On Mon, 5 Jun 2006, David A. Wheeler wrote:
| ... One reason is that people can get degrees in
| Computer Security or Software Engineering without knowing how to
| develop software that receives hostile data.  Even the
| "Software Engineering Body of Knowledge" essentially
| omits security issues (a supplement is being developed,
| thankfully, though it's not REQUIRED)....
| If you have connections with your local university, try to talk
| them into increasing the amount of education they provide in
| developing secure software (where software development is done).
| I give away a book on this topic, as part of my effort to get the
| information disseminated....
Keep in mind that you can run into a fundamental conflict about what
a university education is supposed to be about.
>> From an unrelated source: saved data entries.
(* Let $\gamma:(0,\infty)\times(0,\infty)\to[0,\infty)$ be a function such that $v\mapsto\gamma(u,v)$ is non-decreasing for every fixed $u>0$. Then for every $N\ge 2$, all pairwise distinct points $x_1,\dots,x_N\in\mathbb{R}^3\setminus\{0\}$ and every $r>0$, $$\sum_{\substack{j,k=1\\ j\ne k}}^N \frac{\gamma(|x_j-x_k|,\,r|x_j|)}{|x_j|}\;x_j\cdot(x_j-x_k)\ \ge\ 0.$$ *)

theory Defs
  imports "HOL-Analysis.Analysis"
begin

end

theory Submission
  imports Defs
begin

text \<open>
  Each unordered pair {j, k} contributes
  \<open>g\<^sub>j / |x\<^sub>j| (|x\<^sub>j|\<^sup>2 - x\<^sub>j \<bullet> x\<^sub>k) + g\<^sub>k / |x\<^sub>k| (|x\<^sub>k|\<^sup>2 - x\<^sub>j \<bullet> x\<^sub>k)\<close>,
  where the weights \<open>g\<^sub>j = \<gamma>(|x\<^sub>j - x\<^sub>k|, r|x\<^sub>j|)\<close> share the first argument. If \<open>|x\<^sub>k| \<le> |x\<^sub>j|\<close>
  then \<open>0 \<le> g\<^sub>k \<le> g\<^sub>j\<close> by monotonicity, and by Cauchy-Schwarz the bracket belonging to the
  longer vector is nonnegative; moving the surplus weight \<open>g\<^sub>j - g\<^sub>k\<close> onto it leaves
  \<open>g\<^sub>k (1/|x\<^sub>j| + 1/|x\<^sub>k|) (|x\<^sub>j||x\<^sub>k| - x\<^sub>j \<bullet> x\<^sub>k) \<ge> 0\<close>.
\<close>

lemma sum_off_diagonal_nonneg:
  fixes T :: "'a \<Rightarrow> 'a \<Rightarrow> 'b::linordered_ab_group_add"
  assumes "finite A"
    and pair: "\<And>j k. j \<in> A \<Longrightarrow> k \<in> A \<Longrightarrow> j \<noteq> k \<Longrightarrow> T j k + T k j \<ge> 0"
  shows "(\<Sum>j\<in>A. \<Sum>k\<in>A - {j}. T j k) \<ge> 0"
proof -
  have off_diagonal: "{k \<in> A. j \<noteq> k} = A - {j}" "{k \<in> A. k \<noteq> j} = A - {j}" for j
    by blast+
  let ?S = "\<Sum>j\<in>A. \<Sum>k\<in>A - {j}. T j k"
  have "?S = (\<Sum>j\<in>A. \<Sum>k\<in>A - {j}. T k j)"
    using sum.swap_restrict[OF \<open>finite A\<close> \<open>finite A\<close>, of T "\<lambda>j k. j \<noteq> k"]
    by (simp only: off_diagonal)
  then have "?S + ?S = (\<Sum>j\<in>A. \<Sum>k\<in>A - {j}. T j k + T k j)"
    by (simp add: sum.distrib)
  also have "\<dots> \<ge> 0"
    using pair by (intro sum_nonneg) auto
  finally show ?thesis by simp
qed

lemma weighted_pair_nonneg:
  fixes a b p ga gb :: real
  assumes "0 < b" and "b \<le> a" and p: "p \<le> a * b"
    and "0 \<le> gb" and "gb \<le> ga"
  shows "ga / a * (a\<^sup>2 - p) + gb / b * (b\<^sup>2 - p) \<ge> 0"
proof -
  have "a > 0" using assms by linarith
  have "a * b \<le> a * a" using assms by (simp add: mult_left_mono)
  then have "a\<^sup>2 - p \<ge> 0" using p by (simp add: power2_eq_square)
  have "ga / a * (a\<^sup>2 - p) + gb / b * (b\<^sup>2 - p)
      = ((ga - gb) * b * (a\<^sup>2 - p) + gb * ((a + b) * (a * b - p))) / (a * b)"
    using \<open>a > 0\<close> \<open>b > 0\<close> by (simp add: field_simps power2_eq_square)
  also have "\<dots> \<ge> 0"
    using assms \<open>a > 0\<close> \<open>a\<^sup>2 - p \<ge> 0\<close> by simp
  finally show ?thesis .
qed

lemma gamma_pair_nonneg:
  fixes \<gamma> :: "real \<Rightarrow> real \<Rightarrow> real" and y z :: "'a::real_inner" and r :: real
  assumes nonneg: "\<And>u v. u > 0 \<Longrightarrow> v > 0 \<Longrightarrow> \<gamma> u v \<ge> 0"
    and mono: "\<And>u v w. u > 0 \<Longrightarrow> 0 < v \<Longrightarrow> v \<le> w \<Longrightarrow> \<gamma> u v \<le> \<gamma> u w"
    and "y \<noteq> z" and "y \<noteq> 0" and "z \<noteq> 0" and "r > 0"
  shows "\<gamma> (norm (y - z)) (r * norm y) / norm y * (y \<bullet> (y - z))
       + \<gamma> (norm (z - y)) (r * norm z) / norm z * (z \<bullet> (z - y)) \<ge> 0"
proof -
  define d where "d = norm (y - z)"
  have "d > 0" using \<open>y \<noteq> z\<close> by (simp add: d_def)
  have "norm (z - y) = d" by (simp add: d_def norm_minus_commute)
  moreover have "y \<bullet> (y - z) = (norm y)\<^sup>2 - y \<bullet> z" "z \<bullet> (z - y) = (norm z)\<^sup>2 - y \<bullet> z"
    by (simp_all add: inner_diff_right power2_norm_eq_inner inner_commute)
  moreover have "\<gamma> d (r * norm y) / norm y * ((norm y)\<^sup>2 - y \<bullet> z)
      + \<gamma> d (r * norm z) / norm z * ((norm z)\<^sup>2 - y \<bullet> z) \<ge> 0"
  proof (cases "norm z \<le> norm y")
    case True
    with \<open>d > 0\<close> assms show ?thesis
      by (intro weighted_pair_nonneg norm_cauchy_schwarz) (simp_all add: mult_left_mono)
  next
    case False
    with \<open>d > 0\<close> assms have "\<gamma> d (r * norm z) / norm z * ((norm z)\<^sup>2 - y \<bullet> z)
        + \<gamma> d (r * norm y) / norm y * ((norm y)\<^sup>2 - y \<bullet> z) \<ge> 0"
      by (intro weighted_pair_nonneg)
        (simp_all add: mult_left_mono norm_cauchy_schwarz mult.commute[of "norm z"])
    then show ?thesis by linarith
  qed
  ultimately show ?thesis by (simp add: d_def)
qed

theorem lemma5p4:
  fixes \<gamma> :: "real \<Rightarrow> real \<Rightarrow> real"
    and x :: "nat \<Rightarrow> real ^ 3"
    and N :: nat and r :: real
  assumes nonneg: "\<And>u v. u > 0 \<Longrightarrow> v > 0 \<Longrightarrow> \<gamma> u v \<ge> 0"
    and mono: "\<And>u v w. u > 0 \<Longrightarrow> 0 < v \<Longrightarrow> v \<le> w \<Longrightarrow> \<gamma> u v \<le> \<gamma> u w"
    and N: "N \<ge> 2"
    and distinct: "inj_on x {1..N}"
    and nonzero: "\<And>j. j \<in> {1..N} \<Longrightarrow> x j \<noteq> 0"
    and r: "r > 0"
  shows "(\<Sum>j\<in>{1..N}. \<Sum>k\<in>{1..N} - {j}.
            \<gamma> (norm (x j - x k)) (r * norm (x j)) / norm (x j) * (x j \<bullet> (x j - x k))) \<ge> 0"
proof (rule sum_off_diagonal_nonneg)
  fix j k
  assume "j \<in> {1..N}" "k \<in> {1..N}" "j \<noteq> k"
  then have "x j \<noteq> x k" "x j \<noteq> 0" "x k \<noteq> 0"
    using distinct nonzero by (auto dest: inj_onD)
  then show "\<gamma> (norm (x j - x k)) (r * norm (x j)) / norm (x j) * (x j \<bullet> (x j - x k))
      + \<gamma> (norm (x k - x j)) (r * norm (x k)) / norm (x k) * (x k \<bullet> (x k - x j)) \<ge> 0"
    using gamma_pair_nonneg[of \<gamma> "x j" "x k" r] nonneg mono r by simp
qed simp

end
At least where computer science departments are part of the liberal
arts school, their fundamental view is that they are there to teach
concepts, not to train people for work.  The view is that, if you want
someone who knows the basics of today's technologies, hire a graduate
of a vocational school.  Universities produce people who know how to
think about technology and can learn the details of any particular
technology when they need to.  University programming assignments
focus on the ideas, not on the "trivial minutia" of validating input,
for example.  A university cryptography course will likely be heavy
on theory, light on how to safely apply cryptographic primitives.  Any
"secure computing" courses at universities are likely to focus on what
someone identifies as broad principles, not on how to avoid buffer
overflows in C - much less on how to restructure existing horrible
C code so that you can eliminate its buffer overflows.  (When I ask
the typical university-trained CS major "How do you recognize that a
class has been designed well?" about the only answer I am likely to
get is that the member fields are all private and accessed through
getters and setters.  Sigh.)

I don't want to get into a debate about the validity of this approach,
but recognize that it's there and it's not going away.  I would also
be very careful about any sentence that starts "you can get a degree
without knowing X", because you'll be astounded to learn just what
you can substitute for X.  For example, very few CS graduates have
any understanding of even the most fundamental facts about floating
point arithmetic.  (Ask them how many times a loop that starts an FP
value at 0.0 and adds 0.1 to it until the result equal 1.0 will execute.)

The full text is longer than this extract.